GO and KEGG enrichment analysis of overlapping DEGs
To explore the shared pathogenesis of AS and AIDS, we took the overlapping DEGs mentioned above on GO and KEGG pathway enrichment analysis with the help of DAVID. BP terms showed the DEGs were enriched in “response to virus”, “inflammatory response” and “defense response to virus” (Fig. 3A). In CC, the terms “extracellular region” and “external side of plasma membrane” were significantly enrichment (Fig. 3B). Therefore, we hypothesized that DEGs mainly influence extracellular. And DEGs were mainly enriched GO terms for MF in “chemokine activity” significantly (Fig. 3C). Moreover, we conducted KEGG pathway enrichment analysis with DAVID. The following KEGG pathway were “viral protein interaction with cytokine and cytokine receptor”, “Chemokine signaling pathway”, “Toll-like receptor signaling pathway” and “Cytokine-cytokine receptor interaction” (Fig. 3D). The full results of enrichment analyses were showed in Supplementary Table 2.
The result of GO and KEGG pathway enrichment analyses. (A–C) GO analysis (BP, CC, M) of overlapping DEGs, The X-axis refers to the gene ratio, Y-axis represents the different ontologies, the circle size represents the gene counts, and the color indicates the significance. (D) KEGG pathways analysis of overlapping DEGs.
PPI network construction and hub gene pre-selection
The overlapping 48 DEG-encoded proteins and their interactions among each other can be valuable clue to understand a system-wide of cellular function21. PPI network of above DEGs was analyzed using the STRING database (Supplementary Fig. 1). After eliminating DEG-encoded proteins with poor interaction (n = 6), 42 DEGs were retained and visualized by the Cytoscape (Supplementary Fig. 2A). To have a more credible result, three topological algorithms(Closeness, Degree and Betweenness) were utilized to screen hub genes (Supplementary Fig. 2B–D). Then we intersected the results of top 20 three topological algorithms (Supplementary Table 3). Finally, 15 hub genes were obtained after pre-selection (Supplementary Fig. 2E).

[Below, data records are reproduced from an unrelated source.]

(* Let $\bar a>0$ and $b>0$ be real constants and consider the system of ordinary differential equations on $\mathbb{R}^3$ \begin{align*} \dot q_1 &= q_1\,[\bar a - 2b q_1 - b q_2 - b q_3],\\ \dot q_2 &= q_2\,[\bar a - b q_1 - 2b q_2 - b q_3],\\ \dot q_3 &= q_3\,[\bar a - b q_1 - b q_2 - 2b q_3]. \end{align*} Let $E_8$ denote the equilibrium of this system all of whose coordinates are strictly positive (the Cournot equilibrium, $E_8=(q^*,q^*,q^* )$ with $q^*=\bar a/(4b)$). Then $E_8$ is a stable node.
   Context: This system models a Cournot triopoly of identical firms with linear inverse demand $p=a-bQ$, $Q=q_1+q_2+q_3$, identical linear cost $C(q_i)=c+dq_i$, $\bar a=a-d$, and gradient (bounded rationality) adjustment with unit speed; $q_i$ is the output of firm $i$. A stable node is a hyperbolic equilibrium whose linearization has only real, strictly negative eigenvalues. *)

theory Defs
  imports "HOL-Analysis.Analysis"
begin

text \<open>Gradient-adjustment Cournot triopoly vector field on R^3 (abar = a - d, unit speed).\<close>
definition cournot_field :: "real \<Rightarrow> real \<Rightarrow> real^3 \<Rightarrow> real^3" where
  "cournot_field abar b q =
     (\<chi> i. if i = 1 then q$1 * (abar - 2*b*q$1 - b*q$2 - b*q$3)
           else if i = 2 then q$2 * (abar - b*q$1 - 2*b*q$2 - b*q$3)
           else q$3 * (abar - b*q$1 - b*q$2 - 2*b*q$3))"

definition complex_eigenvalue :: "real^'n^'n \<Rightarrow> complex \<Rightarrow> bool" where
  "complex_eigenvalue J \<mu> \<longleftrightarrow>
     (\<exists>v::complex^'n. v \<noteq> 0 \<and> (\<chi> i j. complex_of_real (J$i$j)) *v v = \<mu> *s v)"

definition hyperbolic_equilibrium_with_jacobian ::
  "(real^'n \<Rightarrow> real^'n) \<Rightarrow> real^'n \<Rightarrow> real^'n^'n \<Rightarrow> bool" where
  "hyperbolic_equilibrium_with_jacobian F x J \<longleftrightarrow>
     F x = 0 \<and> (F has_derivative (\<lambda>h. J *v h)) (at x) \<and>
     (\<forall>\<mu>. complex_eigenvalue J \<mu> \<longrightarrow> Re \<mu> \<noteq> 0)"

definition stable_node :: "(real^'n \<Rightarrow> real^'n) \<Rightarrow> real^'n \<Rightarrow> bool" where
  "stable_node F x \<longleftrightarrow>
     (\<exists>J. hyperbolic_equilibrium_with_jacobian F x J \<and>
          (\<forall>\<mu>. complex_eigenvalue J \<mu> \<longrightarrow> Im \<mu> = 0 \<and> Re \<mu> < 0))"

end

theory Submission imports Defs begin

text \<open>At an interior equilibrium every firm satisfies \<open>b q\<^sub>i = abar - b \<Sigma>q\<close>, so all outputs
  coincide, and the Jacobian there is \<open>-c (I + 1 1\<^sup>T)\<close> with \<open>c = abar/(n+1) > 0\<close>. A vector with
  zero coordinate sum is an eigenvector for \<open>-c\<close>; otherwise summing the eigenvalue equations
  forces the eigenvalue \<open>-(n+1) c\<close>. Nothing depends on there being three firms, so the argument
  is carried out for \<open>n\<close> firms.\<close>

definition oligopoly_field :: "real \<Rightarrow> real \<Rightarrow> real^'n \<Rightarrow> real^'n" where
  "oligopoly_field abar b q = (\<chi> i. q$i * (abar - b * q$i - b * sum (($) q) UNIV))"

lemma cournot_field_eq_oligopoly_field: "cournot_field abar b = oligopoly_field abar b"
  by (auto simp: fun_eq_iff vec_eq_iff forall_3 sum_3 cournot_field_def oligopoly_field_def
      algebra_simps)

lemma oligopoly_field_interior_zero_iff:
  fixes q :: "real^'n"
  assumes "b > 0" and "\<forall>i. 0 < q$i"
  shows "oligopoly_field abar b q = 0 \<longleftrightarrow> q = (\<chi> i. abar / (b * (CARD('n) + 1)))"
proof -
  let ?S = "sum (($) q) UNIV"
  have "q$i \<noteq> 0" for i
    using assms(2) by (metis less_irrefl)
  then have "oligopoly_field abar b q = 0 \<longleftrightarrow> (\<forall>i. abar - b * q$i = b * ?S)"
    by (simp add: oligopoly_field_def vec_eq_iff)
  also have "\<dots> \<longleftrightarrow> q = (\<chi> i. abar / (b * (CARD('n) + 1)))"
  proof
    assume eq: "\<forall>i. abar - b * q$i = b * ?S"
    define k where "k = (abar - b * ?S) / b"
    have q: "q$i = k" for i
      using eq assms(1) by (simp add: k_def field_simps)
    have "($) q = (\<lambda>i. k)"
      using q by (simp add: fun_eq_iff)
    then have "?S = CARD('n) * k"
      by simp
    moreover have "b * k = abar - b * ?S"
      using assms(1) by (simp add: k_def)
    ultimately have "b * (CARD('n) + 1) * k = abar"
      by (simp add: algebra_simps)
    then have "k = abar / (b * (CARD('n) + 1))"
      using assms(1) by (simp add: eq_divide_eq ac_simps)
    then show "q = (\<chi> i. abar / (b * (CARD('n) + 1)))"
      using q by (simp add: vec_eq_iff)
  next
    define e where "e = abar / (b * (CARD('n) + 1))"
    assume "q = (\<chi> i. abar / (b * (CARD('n) + 1)))"
    then have q: "q = (\<chi> i. e)"
      by (simp add: e_def)
    have "b * (CARD('n) + 1) * e = abar"
      using assms(1) by (simp add: e_def)
    then show "\<forall>i. abar - b * q$i = b * ?S"
      by (simp add: q algebra_simps)
  qed
  finally show ?thesis .
qed

lemma oligopoly_field_has_derivative:
  fixes x :: "real^'n"
  shows "(oligopoly_field abar b has_derivative
           (\<lambda>h. \<chi> i. h$i * (abar - b * x$i - b * sum (($) x) UNIV)
                      - b * x$i * (h$i + sum (($) h) UNIV))) (at x)"
  unfolding oligopoly_field_def
proof (subst has_derivative_componentwise_within, intro ballI)
  fix e :: "real^'n" assume "e \<in> Basis"
  then obtain i where e: "e = axis i 1" by (auto simp: Basis_vec_def)
  have coord: "((\<lambda>x::real^'n. x$j) has_derivative (\<lambda>h. h$j)) F" for j F
    by (rule bounded_linear_imp_has_derivative[OF bounded_linear_vec_nth])
  have "((\<lambda>x. x$i * (abar - b * x$i - b * sum (($) x) UNIV)) has_derivative
          (\<lambda>h. h$i * (abar - b * x$i - b * sum (($) x) UNIV)
               + x$i * (- (b * h$i) - b * sum (($) h) UNIV))) (at x)"
    by (rule derivative_eq_intros coord refl)+ (auto simp: sum_negf)
  then show "((\<lambda>x. (\<chi> i. x$i * (abar - b * x$i - b * sum (($) x) UNIV)) \<bullet> e) has_derivative
      (\<lambda>h. (\<chi> i. h$i * (abar - b * x$i - b * sum (($) x) UNIV)
                 - b * x$i * (h$i + sum (($) h) UNIV)) \<bullet> e)) (at x)"
    by (simp add: e inner_axis algebra_simps)
qed

lemma matrix_vector_mult_identity_plus_ones:
  fixes c :: "'a::comm_ring_1"
  shows "((\<chi> i j. if i = j then -2 * c else -c) *v v) $ i = - c * (v$i + sum (($) v) UNIV)"
proof -
  have "((\<chi> i j. if i = j then -2 * c else -c) *v v) $ i
      = (\<Sum>j\<in>UNIV. (if i = j then - c * v$j else 0) + (- c) * v$j)"
    unfolding matrix_vector_mult_def by (auto intro!: sum.cong simp: algebra_simps)
  also have "\<dots> = - c * v$i + (- c) * sum (($) v) UNIV"
    by (simp only: sum.distrib sum.delta sum_distrib_left) simp
  finally show ?thesis by (simp add: algebra_simps)
qed

lemma complex_eigenvalue_identity_plus_ones:
  fixes c :: real and \<mu> :: complex
  assumes "complex_eigenvalue (\<chi> i j. if i = j then -2 * c else -c :: real^'n^'n) \<mu>"
  shows "\<mu> = - of_real c \<or> \<mu> = - of_real ((CARD('n) + 1) * c)"
proof -
  define C where "C = complex_of_real c"
  have "(\<chi> i j. complex_of_real ((\<chi> i j. if i = j then -2 * c else -c :: real^'n^'n)$i$j))
      = (\<chi> i j. if i = j then -2 * C else -C)"
    by (simp add: vec_eq_iff C_def)
  then obtain v :: "complex^'n"
    where "v \<noteq> 0" and Mv: "(\<chi> i j. if i = j then -2 * C else -C) *v v = \<mu> *s v"
    using assms unfolding complex_eigenvalue_def by metis
  have eig: "- C * (v$i + sum (($) v) UNIV) = \<mu> * v$i" for i
    using arg_cong[OF Mv, of "\<lambda>w. w$i"] by (simp only: matrix_vector_mult_identity_plus_ones) simp
  show ?thesis
  proof (cases "sum (($) v) UNIV = 0")
    case True
    obtain i where "v$i \<noteq> 0" using \<open>v \<noteq> 0\<close> by (auto simp: vec_eq_iff)
    moreover have "(\<mu> + C) * v$i = 0"
      using eig[of i] True by (simp add: distrib_right neg_eq_iff_add_eq_0 add.commute)
    ultimately show ?thesis by (simp add: C_def eq_neg_iff_add_eq_0)
  next
    case False
    have "\<mu> * sum (($) v) UNIV = (\<Sum>i\<in>UNIV. - C * (v$i + sum (($) v) UNIV))"
      by (simp add: sum_distrib_left flip: eig)
    also have "\<dots> = - C * (\<Sum>i\<in>UNIV. v$i + sum (($) v) UNIV)"
      by (simp only: sum_distrib_left)
    also have "\<dots> = - C * (CARD('n) + 1) * sum (($) v) UNIV"
      by (simp add: sum.distrib algebra_simps)
    finally have "\<mu> = - C * (CARD('n) + 1)"
      using False by (metis mult_cancel_right)
    then show ?thesis by (simp add: C_def mult.commute)
  qed
qed

lemma stable_node_oligopoly_field:
  fixes abar b :: real
  assumes "abar > 0" and "b > 0"
  shows "stable_node (oligopoly_field abar b) (\<chi> i. abar / (b * (CARD('n) + 1)) :: real^'n)"
proof -
  define c where "c = abar / (CARD('n) + 1)"
  define E :: "real^'n" where "E = (\<chi> i. abar / (b * (CARD('n) + 1)))"
  define J :: "real^'n^'n" where "J = (\<chi> i j. if i = j then -2 * c else -c)"
  have "\<forall>i. 0 < E$i"
    using assms by (simp add: E_def)
  then have "oligopoly_field abar b E = 0"
    using oligopoly_field_interior_zero_iff[OF assms(2)] unfolding E_def by blast
  moreover have "(oligopoly_field abar b has_derivative (\<lambda>h. J *v h)) (at E)"
  proof -
    have bE: "b * E$i = c" for i
      using assms(2) by (simp add: E_def c_def)
    have "sum (($) E) UNIV = CARD('n) * E$i" for i
      by (simp add: E_def)
    then have "abar - b * E$i - b * sum (($) E) UNIV = abar - (CARD('n) + 1) * (b * E$i)" for i
      by (simp add: algebra_simps)
    then have zero: "abar - b * E$i - b * sum (($) E) UNIV = 0" for i
      by (simp add: bE c_def)
    have "(\<lambda>h. \<chi> i. h$i * (abar - b * E$i - b * sum (($) E) UNIV)
              - b * E$i * (h$i + sum (($) h) UNIV)) = (\<lambda>h. J *v h)"
      using bE zero by (simp add: fun_eq_iff vec_eq_iff J_def matrix_vector_mult_identity_plus_ones)
    then show ?thesis
      using oligopoly_field_has_derivative[of abar b E] by simp
  qed
  moreover have "Im \<mu> = 0 \<and> Re \<mu> < 0" if "complex_eigenvalue J \<mu>" for \<mu>
    using complex_eigenvalue_identity_plus_ones[OF that[unfolded J_def]] assms
    by (auto simp: c_def)
  ultimately show ?thesis
    unfolding stable_node_def hyperbolic_equilibrium_with_jacobian_def E_def by fastforce
qed

theorem theorem1:
  fixes abar b :: real
  assumes "abar > 0" and "b > 0"
  shows "(\<exists>!E. cournot_field abar b E = 0 \<and> (\<forall>i. 0 < E$i)) \<and>
         (\<forall>E. cournot_field abar b E = 0 \<and> (\<forall>i. 0 < E$i) \<longrightarrow>
              E = (\<chi> i. abar / (4*b)) \<and> stable_node (cournot_field abar b) E)"
proof -
  define E :: "real^3" where "E = (\<chi> i. abar / (4*b))"
  have E_eq: "E = (\<chi> i. abar / (b * (CARD(3) + 1)))"
    by (simp add: E_def mult.commute)
  have equilibrium_iff: "cournot_field abar b q = 0 \<and> (\<forall>i. 0 < q$i) \<longleftrightarrow> q = E" for q
    using oligopoly_field_interior_zero_iff[OF assms(2), of q] assms
    by (auto simp: E_eq cournot_field_eq_oligopoly_field)
  have "stable_node (cournot_field abar b) E"
    using stable_node_oligopoly_field[OF assms, where 'n=3]
    by (simp add: E_eq cournot_field_eq_oligopoly_field)
  then show ?thesis
    using equilibrium_iff by (auto simp: E_def)
qed

end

Identify hub genes based on machine learning algorithms
To select hub genes for further analysis, three different algorithms were applied based on the above 15 hub genes. The SVM-RFE identified 13 genes in AS group and 15 genes in AIDS group (Fig. 4A,B). The LASSO results in AS and AIDS groups are shown in Fig. 4C,D. Based on optimal tuning parameter, λ was set at 0.005360178 (AS group) and 0.001662953 (AIDS group). The results of RF algorithms in AS and AIDS groups included top 10 increase in mean squared error (%lncMSE) and top 10 increase in node purity (lncNP) are shown in Fig. 4E,F. Finally, we intersected the results of three algorithms (Supplementary Table 4),and a Venn plot (Fig. 4G) showed the hub genes(CCR5 and OAS1).
The CCR5 and OAS1 were selected as hub genes using three machine learning algorithms. (A) Based on SVM-RFE, 13 genes were identified in AS group. (B) Based on SVM-RFE, 15 genes were identified in AIDS group. (C) 9 genes were selected based on LASSO in AS group. (D) 10 genes were selected based on LASSO in AIDS group. (E) The results of RF ranked by %lncMSE and lncNP in AS group. (F) The results of RF ranked by %lncMSE and lncNP in AIDS group. (G) The Venn plot showed that CCR5 and OAS1 were selected.
Immune infiltration analysis and correlation analysis of hub genes
The proportion of 22 immune cells in each sample was shown as a staked bar plot (Fig. 5A,B). There were significant differences in immune cell infiltration were observed in AS group and AIDS group (Fig. 5C,D).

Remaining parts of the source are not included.